The two agencies are working together to create a virtual museum that will raise public awareness of the need to take action against the fraudulent import, export and transfer of cultural goods.
The project was officially launched in June, but Unesco recently held a meeting with its member states to give them a first glimpse of this virtual museum.
Its design has been entrusted to Francis Diébédo Kéré, a Burkinabé-German architect who won the prestigious Pritzker Prize in 2022.
"For this project, we needed an architect capable of rewriting the traditional playbook, who could design spaces while thinking outside the box, who could intimately link the material with the immaterial,” Unesco director general, Audrey Azoulay, told Artnet News.
Francis Diébédo Kéré’s 3D plans recall the shape of a baobab tree. Like this tropical tree, this virtual museum of lost artifacts will unfold along a spiral ramp.
The latter will be contained within a globe, linking the various continents and cultures to the 600 cultural objects that currently make up the collection of this museum like no other.
Unlike other cultural institutions around the world, the Unesco-Interpol virtual museum does not aspire to enrich its collection.
On the contrary, it hopes that the collection will diminish over the years, demonstrating the positive results of efforts made by museums, governments and international bodies to combat the illicit trafficking of cultural works.
The scale of this clandestine trade is difficult to assess, as existing statistics on the trade are incomplete. Despite this, the authorities estimate that it ranks third among international criminal activities, after drugs and arms.
Hence the importance of raising public awareness of this global underground trade.
Future visitors to this virtual museum will be able to browse a succession of digital galleries containing detailed 3D images of the stolen artifacts, selected by Unesco from the Interpol database.
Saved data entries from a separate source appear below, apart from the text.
(* Let $G$ be a connected graph of order $n\geq 5$ and let $k$ be an integer with $3\leq k\leq n$. Then $px_k(G)=n-2$ if and only if $G\cong S_n^+$ or $G\cong G_0$, where $S_n^+$ is the graph obtained from the star $S_n=K_{1,n-1}$ by adding one edge joining two of its leaves, and $G_0$ is the tree on $n$ vertices obtained from the star $K_{1,n-2}$ by attaching one new pendant vertex to one of its leaves (equivalently, obtained from $K_{1,n-1}$ by subdividing one edge once and deleting a leaf; it is the unique tree on $n$ vertices with maximum degree $n-2$).
   Context: All graphs are finite, simple, undirected and connected. An edge-coloring of a graph assigns a color to each edge (adjacent edges may receive the same color). A tree in an edge-colored graph is proper if any two adjacent edges of the tree receive different colors. For $S\subseteq V(G)$, an $S$-tree is a subgraph of $G$ that is a tree containing all vertices of $S$. For a connected graph $G$ of order $n$ and an integer $k$ with $2\le k\le n$, an edge-coloring of $G$ is a $k$-proper coloring if for every set $S$ of $k$ vertices of $G$ there exists a proper $S$-tree in $G$. The $k$-proper index $px_k(G)$ is the minimum number of colors used in a $k$-proper coloring of $G$. *)

theory Defs
  imports Main
begin

definition simple_graph :: "'a set \<Rightarrow> 'a set set \<Rightarrow> bool" where
  "simple_graph V E \<longleftrightarrow> finite V \<and>
     (\<forall>e\<in>E. \<exists>u v. u \<noteq> v \<and> e = {u, v} \<and> u \<in> V \<and> v \<in> V)"

definition connected_graph :: "'a set \<Rightarrow> 'a set set \<Rightarrow> bool" where
  "connected_graph V E \<longleftrightarrow> V \<noteq> {} \<and>
     (\<forall>u\<in>V. \<forall>v\<in>V. (\<lambda>x y. {x, y} \<in> E)\<^sup>*\<^sup>* u v)"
They will be accompanied by documents explaining their cultural and historical significance, including testimonials from the local communities from whom they were taken.
For the time being, Unesco has not revealed the list of items that will be featured in its future virtual museum.
This visual platform should see the light of day at the end of 2025 and is scheduled to cost some US$2.5 million (RM11.8 million). Initial funding is being provided by Saudi Arabia, reports Artnet News.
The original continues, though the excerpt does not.